At least nine people were killed when the most powerful earthquake to hit Albania in decades rocked the capital Tirana and surrounding region on Tuesday, causing buildings to collapse and burying residents under rubble.
Residents, some carrying babies, fled apartment buildings in Tirana after the 6.4 magnitude quake struck shortly before 4 a.m. (0300 GMT).
In the town of Thumane, Marjana Gjoka, 48, was sleeping in her apartment on the fourth floor of a five-storey building when the quake shattered the top floors.
“The roof collapsed on our head and I don’t know how we escaped. God helped us,” said Gjoka, whose three-year-old niece was among four people in the apartment when the quake struck.
The quake was centered 30 km (19 miles) west of Tirana, the U.S. Geological Survey (USGS) said, and was also felt across the Balkans and in the southern Italian region of Puglia.
Hours later a magnitude 5.4 earthquake hit Bosnia, with an epicentre 75 km (45 miles) south of Sarajevo, monitors said.
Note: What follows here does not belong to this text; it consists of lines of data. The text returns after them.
(* Representatives of the 60 elements of G60 (modulo scalars), the first four representing H.
   G60_rep_successors lists, for each representative L, the positions of the representatives of
   L S and L T. *)
definition G60_reps :: "cyc5 mat2 list" where
  "G60_reps = [cyc5_I, cyc5_T, cyc5_U, mmul cyc5_T cyc5_U,
    (Cyc5 0 1 0 0, Cyc5 0 0 0 0, Cyc5 0 0 0 0, Cyc5 1 0 0 0),
    (Cyc5 (-1) (-1) (-1) 0, Cyc5 1 0 0 0, Cyc5 0 1 0 0, Cyc5 0 0 (-1) (-1)),
    (Cyc5 0 0 0 0, Cyc5 (-1) 0 0 0, Cyc5 0 1 0 0, Cyc5 0 0 0 0),
    (Cyc5 0 1 0 0, Cyc5 0 0 (-1) (-1), Cyc5 1 1 1 0, Cyc5 (-1) 0 0 0),
    (Cyc5 0 0 1 0, Cyc5 0 0 0 0, Cyc5 0 0 0 0, Cyc5 1 0 0 0),
    (Cyc5 (-1) (-1) (-1) 0, Cyc5 0 1 0 0, Cyc5 1 0 0 0, Cyc5 0 0 (-1) (-1)),
    (Cyc5 0 (-1) (-1) (-1), Cyc5 1 0 0 0, Cyc5 0 0 1 0, Cyc5 0 0 (-1) (-1)),
    (Cyc5 2 2 1 0, Cyc5 (-1) (-1) (-2) (-1), Cyc5 (-1) (-1) (-2) (-1), Cyc5 1 1 (-1) (-1)),
    (Cyc5 0 0 0 0, Cyc5 (-1) 0 0 0, Cyc5 0 0 1 0, Cyc5 0 0 0 0),
    (Cyc5 (-1) 0 0 0, Cyc5 0 0 1 1, Cyc5 (-1) (-1) (-1) 0, Cyc5 0 1 0 0),
    (Cyc5 0 0 1 0, Cyc5 0 0 (-1) (-1), Cyc5 0 1 1 1, Cyc5 (-1) 0 0 0),
    (Cyc5 (-1) (-1) (-2) (-1), Cyc5 1 1 (-1) (-1), Cyc5 (-2) (-2) (-1) 0, Cyc5 1 1 2 1),
    (Cyc5 0 0 0 1, Cyc5 0 0 0 0, Cyc5 0 0 0 0, Cyc5 1 0 0 0),
    (Cyc5 0 (-1) (-1) (-1), Cyc5 0 0 1 0, Cyc5 1 0 0 0, Cyc5 0 0 (-1) (-1)),
    (Cyc5 0 (-1) (-1) (-1), Cyc5 0 1 0 0, Cyc5 0 1 0 0, Cyc5 0 0 (-1) (-1)),
    (Cyc5 1 1 0 0, Cyc5 1 0 0 0, Cyc5 0 0 0 1, Cyc5 0 0 (-1) (-1)),
    (Cyc5 1 1 2 1, Cyc5 0 (-1) (-2) (-2), Cyc5 0 (-1) (-2) (-2), Cyc5 1 0 0 (-1)),
    (Cyc5 0 2 2 1, Cyc5 (-1) (-1) (-2) (-1), Cyc5 1 0 0 (-1), Cyc5 1 1 (-1) (-1)),
    (Cyc5 0 0 0 0, Cyc5 (-1) 0 0 0, Cyc5 0 0 0 1, Cyc5 0 0 0 0),
    (Cyc5 (-1) 0 0 0, Cyc5 0 0 1 1, Cyc5 0 (-1) (-1) (-1), Cyc5 0 0 1 0),
    (Cyc5 0 (-1) 0 0, Cyc5 0 0 1 1, Cyc5 0 (-1) (-1) (-1), Cyc5 0 1 0 0),
    (Cyc5 0 0 0 1, Cyc5 0 0 (-1) (-1), Cyc5 (-1) (-1) 0 0, Cyc5 (-1) 0 0 0),
    (Cyc5 0 (-1) (-2) (-2), Cyc5 1 0 0 (-1), Cyc5 (-1) (-1) (-2) (-1), Cyc5 0 1 2 2),
    (Cyc5 1 0 0 (-1), Cyc5 1 1 (-1) (-1), Cyc5 0 (-2) (-2) (-1), Cyc5 1 1 2 1),
    (Cyc5 (-1) (-1) (-1) (-1), Cyc5 0 0 0 0, Cyc5 0 0 0 0, Cyc5 1 0 0 0),
    (Cyc5 1 1 0 0, Cyc5 0 0 0 1, Cyc5 1 0 0 0, Cyc5 0 0 (-1) (-1)),
    (Cyc5 1 1 0 0, Cyc5 0 0 1 0, Cyc5 0 1 0 0, Cyc5 0 0 (-1) (-1)),
    (Cyc5 1 1 0 0, Cyc5 0 1 0 0, Cyc5 0 0 1 0, Cyc5 0 0 (-1) (-1)),
    (Cyc5 0 2 2 1, Cyc5 1 0 0 (-1), Cyc5 (-1) (-1) (-2) (-1), Cyc5 1 1 (-1) (-1)),
    (Cyc5 0 (-1) 0 1, Cyc5 1 1 (-1) (-1), Cyc5 1 1 (-1) (-1), Cyc5 1 0 (-1) 0),
    (Cyc5 (-1) 0 0 1, Cyc5 0 (-1) (-2) (-2), Cyc5 2 2 1 0, Cyc5 1 0 0 (-1)),
    (Cyc5 (-1) (-1) 1 1, Cyc5 (-1) (-1) (-2) (-1), Cyc5 1 2 1 1, Cyc5 1 1 (-1) (-1)),
    (Cyc5 0 0 0 0, Cyc5 (-1) 0 0 0, Cyc5 (-1) (-1) (-1) (-1), Cyc5 0 0 0 0),
    (Cyc5 (-1) 0 0 0, Cyc5 0 0 1 1, Cyc5 1 1 0 0, Cyc5 0 0 0 1),
    (Cyc5 0 (-1) 0 0, Cyc5 0 0 1 1, Cyc5 1 1 0 0, Cyc5 0 0 1 0),
    (Cyc5 0 0 (-1) 0, Cyc5 0 0 1 1, Cyc5 1 1 0 0, Cyc5 0 1 0 0),
    (Cyc5 1 1 2 1, Cyc5 (-1) (-1) 1 1, Cyc5 0 2 2 1, Cyc5 1 0 0 (-1)),
    (Cyc5 1 1 (-1) (-1), Cyc5 1 0 (-1) 0, Cyc5 0 1 0 (-1), Cyc5 (-1) (-1) 1 1),
    (Cyc5 2 2 1 0, Cyc5 1 0 0 (-1), Cyc5 1 0 0 (-1), Cyc5 0 1 2 2),
    (Cyc5 1 2 1 1, Cyc5 1 1 (-1) (-1), Cyc5 1 1 (-1) (-1), Cyc5 1 1 2 1),
    (Cyc5 0 1 1 0, Cyc5 0 0 0 1, Cyc5 0 1 0 0, Cyc5 0 0 (-1) (-1)),
    (Cyc5 0 1 1 0, Cyc5 0 0 1 0, Cyc5 0 0 1 0, Cyc5 0 0 (-1) (-1)),
    (Cyc5 (-1) (-1) 1 1, Cyc5 1 2 1 1, Cyc5 (-1) (-1) (-2) (-1), Cyc5 1 1 (-1) (-1)),
    (Cyc5 0 1 1 0, Cyc5 0 1 0 0, Cyc5 0 0 0 1, Cyc5 0 0 (-1) (-1)),
    (Cyc5 (-1) 0 0 1, Cyc5 2 2 1 0, Cyc5 0 (-1) (-2) (-2), Cyc5 1 0 0 (-1)),
    (Cyc5 (-1) (-1) (-2) (-1), Cyc5 1 1 (-1) (-1), Cyc5 1 2 2 0, Cyc5 1 0 (-1) 0),
    (Cyc5 (-1) (-2) (-1) (-1), Cyc5 0 (-1) (-2) (-2), Cyc5 0 2 2 1, Cyc5 1 0 0 (-1)),
    (Cyc5 1 0 (-3) (-3), Cyc5 0 (-1) (-3) (-1), Cyc5 (-1) (-3) (-1) 0, Cyc5 3 3 0 (-1)),
    (Cyc5 (-1) (-2) (-2) 0, Cyc5 (-1) (-1) (-2) (-1), Cyc5 (-1) 0 1 0, Cyc5 1 1 (-1) (-1)),
    (Cyc5 1 0 (-3) (-3), Cyc5 (-1) (-3) (-1) 0, Cyc5 0 (-1) (-3) (-1), Cyc5 3 3 0 (-1)),
    (Cyc5 0 (-1) 0 0, Cyc5 0 0 1 1, Cyc5 0 1 1 0, Cyc5 0 0 0 1),
    (Cyc5 1 1 2 1, Cyc5 (-1) (-1) 1 1, Cyc5 (-1) (-1) 1 1, Cyc5 1 2 1 1),
    (Cyc5 0 0 0 (-1), Cyc5 0 0 1 1, Cyc5 0 1 1 0, Cyc5 0 1 0 0),
    (Cyc5 1 2 2 0, Cyc5 1 0 (-1) 0, Cyc5 1 1 2 1, Cyc5 (-1) (-1) 1 1),
    (Cyc5 (-1) (-3) (-1) 0, Cyc5 3 3 0 (-1), Cyc5 (-1) 0 3 3, Cyc5 0 1 3 1),
    (Cyc5 (-1) 0 1 0, Cyc5 1 1 (-1) (-1), Cyc5 1 2 2 0, Cyc5 1 1 2 1)]"

definition G60_rep_successors :: "(nat \<times> nat) list" where
  "G60_rep_successors =
    [(4, 1), (5, 0), (6, 3), (7, 2), (8, 9), (10, 11), (12, 13), (14, 15), (16, 17), (18, 4),
     (19, 20), (21, 5), (22, 23), (24, 6), (25, 26), (27, 7), (28, 29), (30, 8), (31, 32), (32, 33),
     (34, 10), (35, 28), (36, 37), (38, 12), (39, 40), (40, 41), (42, 14), (43, 36), (0, 21), (44, 16),
     (45, 46), (47, 48), (1, 18), (49, 19), (50, 51), (52, 53), (2, 27), (54, 22), (48, 55), (56, 45),
     (3, 24), (57, 25), (53, 58), (59, 50), (26, 57), (41, 39), (9, 30), (46, 56), (33, 31), (23, 54),
     (37, 43), (11, 34), (51, 59), (29, 35), (20, 49), (13, 38), (55, 47), (17, 44), (15, 42), (58, 52)]"

lemma G60_reps_closed:
  "length G60_rep_successors = length G60_reps \<and>
   (\<forall>(L, i, j) \<in> set (zip G60_reps G60_rep_successors).
      i < length G60_reps \<and> j < length G60_reps \<and>
      cyc5_proj_cert (mmul L cyc5_S) (G60_reps ! i) \<and> cyc5_proj_cert (mmul L cyc5_T) (G60_reps ! j))"
  by code_simp

lemma G60_reps_U_commutator:
  "\<forall>L \<in> set (drop 4 G60_reps). order_2_3_5_trace cyc5_sqrt5 (U_commutator L)"
  by code_simp

lemma G60_reps_successors:
  assumes "L \<in> set G60_reps"
  shows "\<exists>L' \<in> set G60_reps. cyc5_proj_cert (mmul L cyc5_S) L'"
    and "\<exists>L' \<in> set G60_reps. cyc5_proj_cert (mmul L cyc5_T) L'"
proof -
  obtain n where n: "n < length G60_reps" "L = G60_reps ! n"
    using assms by (auto simp: in_set_conv_nth)
  obtain i j where "G60_rep_successors ! n = (i, j)" by (cases "G60_rep_successors ! n")
  then have "(L, i, j) \<in> set (zip G60_reps G60_rep_successors)"
    using n G60_reps_closed by (metis in_set_zip fst_conv snd_conv)
  then have ij: "i < length G60_reps" "j < length G60_reps"
    and "cyc5_proj_cert (mmul L cyc5_S) (G60_reps ! i)" "cyc5_proj_cert (mmul L cyc5_T) (G60_reps ! j)"
    using G60_reps_closed by blast+
  then show "\<exists>L' \<in> set G60_reps. cyc5_proj_cert (mmul L cyc5_S) L'"
    "\<exists>L' \<in> set G60_reps. cyc5_proj_cert (mmul L cyc5_T) L'"
    using nth_mem[OF ij(1)] nth_mem[OF ij(2)] by blast+
qed

section \<open>Reduction modulo a prime congruent to 4 mod 5\<close>

locale icosahedral_reduction =
  fixes \<zeta> :: "'a::field"
  assumes zeta_pow_5: "\<zeta>^5 = 1" and zeta_neq_1: "\<zeta> \<noteq> 1"
    and prime_CHAR: "prime CHAR('a)" and CHAR_mod_5: "CHAR('a) mod 5 = 4"
begin

lemma cyclotomic: "\<zeta>^4 + \<zeta>^3 + \<zeta>^2 + \<zeta> + 1 = 0"
  by (rule cyclotomic5[OF zeta_pow_5 zeta_neq_1])

lemma two_neq_0: "(2::'a) \<noteq> 0"
  and three_neq_0: "(3::'a) \<noteq> 0"
  and five_neq_0: "(5::'a) \<noteq> 0"
proof -
  have "prime (3::nat)" "prime (5::nat)" by (simp_all add: prime_iff)
  moreover have "CHAR('a) \<notin> {2, 3, 5}" using CHAR_mod_5 by auto
  ultimately show "(2::'a) \<noteq> 0" "(3::'a) \<noteq> 0" "(5::'a) \<noteq> 0"
    using of_nat_prime_neq_0[OF prime_CHAR, of 2] of_nat_prime_neq_0[OF prime_CHAR, of 3]
      of_nat_prime_neq_0[OF prime_CHAR, of 5]
    by auto
qed

lemma klein_covariant_G60: "M \<in> G60mats \<zeta> \<Longrightarrow> klein_covariant M"
  using klein_covariant_G60mats zeta_pow_5 zeta_neq_1 two_neq_0 five_neq_0 by blast

abbreviation cyc5_mat_eval :: "cyc5 mat2 \<Rightarrow> 'a mat2" where
  "cyc5_mat_eval \<equiv> mat2_map (cyc5_eval \<zeta>)"

lemmas cyc5_eval_mult_zeta [simp] = cyc5_eval_mult[OF cyclotomic]

lemma cyc5_eval_power [simp]: "cyc5_eval \<zeta> (x ^ n) = cyc5_eval \<zeta> x ^ n"
  by (induction n) simp_all

lemma cyc5_mat_eval_mmul: "cyc5_mat_eval (mmul A B) = mmul (cyc5_mat_eval A) (cyc5_mat_eval B)"
  by (rule mat2_map_mmul) simp_all

lemma cyc5_mat_eval_smul2: "cyc5_mat_eval (smul2 k A) = smul2 (cyc5_eval \<zeta> k) (cyc5_mat_eval A)"
  by (cases A) simp

lemma cyc5_mat_eval_U_commutator:
  "cyc5_mat_eval (U_commutator L) = U_commutator (cyc5_mat_eval L)"
  unfolding U_commutator_def by (cases L) simp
There were no immediate reports of injuries.
Two women were found dead in the rubble of an apartment building in the northern Albanian town of Thumane and a man died in the town of Kurbin after jumping out of a building, a Defence Ministry spokeswoman said. Another body was recovered from rubble in Thumane.
Four bodies were pulled from two collapsed buildings in the western town of Durres, the Defence Ministry said, and a man died near the northern town of Lezhe.Defence Minister Olta Xhacka said 135 people were injured.
Firefighters, police and civilians were removing the debris from collapsed buildings in Thumane. Most of the buildings that collapsed were built of bricks, a Reuters reporter said.
Rescuers in Thumane used a mechanical digger to claw at collapsed masonry and remove a tangle of metal and cables. Others groped with bare hands to clear rubble.
Two people were pulled from rubble in Thumane four hours after the quake, a Reuters reporter said. Doctors said they were in a bad condition.
“Everything at home kept falling down,” Refik, a Tirana resident, said of the impact on his sixth-floor apartment.
“We were awake because of the previous quakes, but the last one shook us around,” he told Reuters, referring to smaller tremors recorded in the hour before the main quake.
Emergency workers told local media one of those killed was an elderly woman who had saved her grandson by cradling him with her body.